### TASK INSTRUCTIONS
Show, from the records below, all lines that contain the word "auto".

### EXERCISE DATA
lemma preimage_count_first_half:
  "length h0 = n \<Longrightarrow> length h1 = n \<Longrightarrow> preimage_count n (h0, h1) h0 = agreement_weight h0 h1"
proof (induction n arbitrary: h0 h1)
  case 0
  then show ?case by (simp add: preimage_count_def)
next
  case (Suc n)
  then obtain a as c cs where h: "h0 = a # as" "h1 = c # cs" "length as = n" "length cs = n"
    by (auto simp: length_Suc_conv)
  then show ?case
    using Suc.IH[OF h(3,4)] by (simp add: preimage_count_Suc_Cons)
qed

lemma sum_agreement_weight:
  "(\<Sum>h0\<in>bitstrings n. \<Sum>h1\<in>bitstrings n. agreement_weight h0 h1) = 6 ^ n"
proof (induction n)
  case 0
  then show ?case by simp
next
  case (Suc n)
  have "(\<Sum>h0\<in>bitstrings (Suc n). \<Sum>h1\<in>bitstrings (Suc n). agreement_weight h0 h1)
      = 6 * (\<Sum>h0\<in>bitstrings n. \<Sum>h1\<in>bitstrings n. agreement_weight h0 h1)"
    by (simp add: sum_bitstrings_Suc sum_distrib_left algebra_simps flip: sum.distrib)
  then show ?case using Suc.IH by simp
qed

lemma average_agreement_weight:
  "(\<Sum>h0\<in>bitstrings l. \<Sum>h1\<in>bitstrings l. agreement_weight h0 h1 / 2 ^ l) / 4 ^ l = (3/4) ^ l"
  by (simp add: sum_divide_distrib[symmetric] sum_agreement_weight power_divide[symmetric]
      flip: power_mult_distrib)

lemma pmf_bits_bind: "pmf (bits l \<bind> g) t = (\<Sum>x\<in>bitstrings l. pmf (g x) t) / 2 ^ l"
  by (simp add: bits_def pmf_bind integral_pmf_of_set[OF bitstrings_nonempty finite_bitstrings]
      card_bitstrings)

lemma pmf_token_bind:
  "pmf (token l \<bind> g) t = (\<Sum>h0\<in>bitstrings l. \<Sum>h1\<in>bitstrings l. pmf (g (h0, h1)) t) / 4 ^ l"
proof -
  have "token l \<bind> g = bits l \<bind> (\<lambda>h0. bits l \<bind> (\<lambda>h1. g (h0, h1)))"
    by (simp add: token_def pair_pmf_def bind_assoc_pmf bind_return_pmf)
  then show ?thesis
    by (simp add: pmf_bits_bind sum_divide_distrib[symmetric] flip: power_mult_distrib)
qed

lemma pmf_challenge_match:
  "pmf (bits l \<bind> (\<lambda>x. return_pmf (r = boxplus x h))) True = preimage_count l h r / 2 ^ l"
  unfolding pmf_bits_bind preimage_count_def
  by (intro arg_cong[where f = "\<lambda>t. t / 2 ^ l"] sum.cong) (auto simp: pmf_return)

lemma pmf_bind_le:
  fixes B :: real
  assumes "\<And>x. x \<in> set_pmf p \<Longrightarrow> pmf (g x) t \<le> B"
  shows "pmf (p \<bind> g) t \<le> B"
proof -
  have "integrable (measure_pmf p) (\<lambda>x. pmf (g x) t)"
    by (rule measure_pmf.integrable_const_bound[where B = 1]) (auto simp: pmf_le_1)
  then show ?thesis
    unfolding pmf_bind using assms
    by (intro measure_pmf.integral_le_const) (auto simp: AE_measure_pmf_iff)
qed

lemma early_success_eq_pmf:
  "early_success l S
     = pmf (token l \<bind> (\<lambda>h. S h \<bind> (\<lambda>r. bits l \<bind> (\<lambda>x. return_pmf (r = boxplus x h))))) True"
  by (simp add: early_success_def measure_pmf_single)

lemma early_success_le: "early_success l S \<le> (3/4) ^ l"
proof -
  have reply_success_le:
    "pmf (S (h0, h1) \<bind> (\<lambda>r. bits l \<bind> (\<lambda>x. return_pmf (r = boxplus x (h0, h1))))) True
       \<le> agreement_weight h0 h1 / 2 ^ l"
    if "length h0 = l" "length h1 = l" for h0 h1
    by (rule pmf_bind_le)
      (simp add: pmf_challenge_match divide_right_mono preimage_count_le_agreement_weight that)
  have "early_success l S
      \<le> (\<Sum>h0\<in>bitstrings l. \<Sum>h1\<in>bitstrings l. agreement_weight h0 h1 / 2 ^ l) / 4 ^ l"
    unfolding early_success_eq_pmf pmf_token_bind
    by (intro divide_right_mono sum_mono) (simp_all add: reply_success_le)
  also have "\<dots> = (3/4) ^ l"
    by (rule average_agreement_weight)
  finally show ?thesis .
qed

lemma early_success_first_half: "early_success l (\<lambda>h. return_pmf (fst h)) = (3/4) ^ l"
proof -
  have "early_success l (\<lambda>h. return_pmf (fst h))
      = (\<Sum>h0\<in>bitstrings l. \<Sum>h1\<in>bitstrings l. agreement_weight h0 h1 / 2 ^ l) / 4 ^ l"
    unfolding early_success_eq_pmf pmf_token_bind
    by (intro arg_cong[where f = "\<lambda>t. t / 4 ^ l"] sum.cong)
      (auto simp: bind_return_pmf pmf_challenge_match preimage_count_first_half)
  also have "\<dots> = (3/4) ^ l"
    by (rule average_agreement_weight)
  finally show ?thesis .
qed

text \<open>Guessing x \<boxplus> h from h is the same experiment as replying early: the response does not
  depend on x, so the challenge may be drawn after it.\<close>

lemma q_seq_eq_SUP_early_success: "q_seq l = (SUP S. early_success l S)"
proof -
  have "token_response l \<bind> (\<lambda>(h, r). map_pmf (\<lambda>y. y = r) (S h))
      = token l \<bind> (\<lambda>h. S h \<bind> (\<lambda>y. bits l \<bind> (\<lambda>x. return_pmf (y = boxplus x h))))" for S
  proof -
    have "token_response l \<bind> (\<lambda>(h, r). map_pmf (\<lambda>y. y = r) (S h))
        = token l \<bind> (\<lambda>h. bits l \<bind> (\<lambda>x. S h \<bind> (\<lambda>y. return_pmf (y = boxplus x h))))"
      by (simp add: token_response_def bind_assoc_pmf bind_return_pmf map_pmf_def)
    also have "\<dots> = token l \<bind> (\<lambda>h. S h \<bind> (\<lambda>y. bits l \<bind> (\<lambda>x. return_pmf (y = boxplus x h))))"
      by (subst bind_commute_pmf) (rule refl)
    finally show ?thesis .
  qed
  then show ?thesis
    by (simp add: q_seq_def guess_chance_def early_success_def)
qed

lemma q_seq_eq: "q_seq l = (3/4) ^ l"
proof (unfold q_seq_eq_SUP_early_success, rule antisym)
  show "(SUP S. early_success l S) \<le> (3/4) ^ l"
    by (rule cSUP_least) (auto intro: early_success_le)
  have "bdd_above (range (early_success l))"
    by (intro bdd_aboveI2) (rule early_success_le)
  then show "(3/4) ^ l \<le> (SUP S. early_success l S)"
    using cSUP_upper[OF UNIV_I, of "early_success l" "\<lambda>h. return_pmf (fst h)"]
    by (simp add: early_success_first_half)
qed

lemma tendsto_power_times_geometric:
  fixes c :: real
  assumes "0 \<le> c" "c < 1"
  shows "(\<lambda>n. real n ^ k * c ^ n) \<longlonglongrightarrow> 0"
proof -
  define d where "d = root (Suc k) c"
  have d: "0 \<le> d" "d < 1"
    using assms by (simp_all add: d_def)
  have c: "c = d ^ Suc k"
    unfolding d_def by (rule real_root_pow_pos2[symmetric]) (use assms in auto)
  have "(\<lambda>n. (real n * d ^ n) ^ k * d ^ n) \<longlonglongrightarrow> 0 ^ k * 0"
    using d by (intro tendsto_intros powser_times_n_limit_0) auto
  moreover have "(real n * d ^ n) ^ k * d ^ n = real n ^ k * c ^ n" for n
    by (simp add: c power_mult_distrib mult.assoc flip: power_mult power_add)
      (simp add: algebra_simps)
  ultimately show ?thesis
    by simp
qed

lemma poly_nat_pos:
  fixes q :: "nat poly"
  assumes "q \<noteq> 0" "0 < l"
  shows "0 < poly q l"
proof -
  have "0 < lead_coeff q * l ^ degree q"
    using assms leading_coeff_neq_0[OF assms(1)] by (simp del: leading_coeff_0_iff)
  also have "\<dots> \<le> poly q l"
    unfolding poly_altdef by (rule member_le_sum) auto
  finally show ?thesis .
qed

lemma negligible_mono:
  assumes "negligible \<mu>" "\<forall>\<^sub>F l in sequentially. \<nu> l \<le> \<mu> l"
  shows "negligible \<nu>"
  unfolding negligible_def
proof (intro allI impI)
  fix q :: "nat poly"
  assume "q \<noteq> 0"
  then have "\<forall>\<^sub>F l in sequentially. \<mu> l < 1 / real (poly q l)"
    using assms(1) by (simp add: negligible_def)
  with assms(2) show "\<forall>\<^sub>F l in sequentially. \<nu> l < 1 / real (poly q l)"
    by eventually_elim simp
qed

lemma negligible_power:
  fixes c :: real
  assumes "0 \<le> c" "c < 1"
  shows "negligible (\<lambda>l. c ^ l)"
  unfolding negligible_def
proof (intro allI impI)
  fix q :: "nat poly"
  assume q: "q \<noteq> 0"
  have "(\<lambda>l. \<Sum>i\<le>degree q. real (coeff q i) * (real l ^ i * c ^ l))
      \<longlonglongrightarrow> (\<Sum>i\<le>degree q. real (coeff q i) * 0)"
    using assms by (intro tendsto_intros tendsto_power_times_geometric)
  then have "(\<lambda>l. real (poly q l) * c ^ l) \<longlonglongrightarrow> 0"
    by (simp add: poly_altdef sum_distrib_right mult.assoc)
  then have "\<forall>\<^sub>F l in sequentially. real (poly q l) * c ^ l < 1"
    by (rule order_tendstoD) simp
  with eventually_gt_at_top[of 0]
  show "\<forall>\<^sub>F l in sequentially. c ^ l < 1 / real (poly q l)"
  proof eventually_elim
    case (elim l)
    then show ?case
      using poly_nat_pos[OF q, of l] by (simp add: field_simps)
  qed
qed

theorem proposition6p7:
  fixes P :: "nat \<Rightarrow> bool list \<times> bool list \<Rightarrow> bool list pmf"
  shows "indistinguishable (\<lambda>l. early_success l (P l)) q_seq
       \<and> (\<forall>l. q_seq l = (3/4) ^ l)
       \<and> negligible (\<lambda>l. early_success l (P l))"
proof -
  have geometric: "negligible (\<lambda>l. (3/4 :: real) ^ l)"
    by (rule negligible_power) auto
  have "0 \<le> early_success l (P l)" "early_success l (P l) \<le> (3/4) ^ l" for l
    by (simp add: early_success_def) (rule early_success_le)
  then show ?thesis
    unfolding indistinguishable_def q_seq_eq
    by (auto intro!: negligible_mono[OF geometric] always_eventually)
qed

end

### TASK SOLUTION
    by (auto simp: length_Suc_conv)
  by (intro arg_cong[where f = "\<lambda>t. t / 2 ^ l"] sum.cong) (auto simp: pmf_return)
    by (rule measure_pmf.integrable_const_bound[where B = 1]) (auto simp: pmf_le_1)
    by (intro measure_pmf.integral_le_const) (auto simp: AE_measure_pmf_iff)
      (auto simp: bind_return_pmf pmf_challenge_match preimage_count_first_half)
    by (rule cSUP_least) (auto intro: early_success_le)
    unfolding d_def by (rule real_root_pow_pos2[symmetric]) (use assms in auto)
    using d by (intro tendsto_intros powser_times_n_limit_0) auto
    unfolding poly_altdef by (rule member_le_sum) auto
    by (rule negligible_power) auto
    by (auto intro!: negligible_mono[OF geometric] always_eventually)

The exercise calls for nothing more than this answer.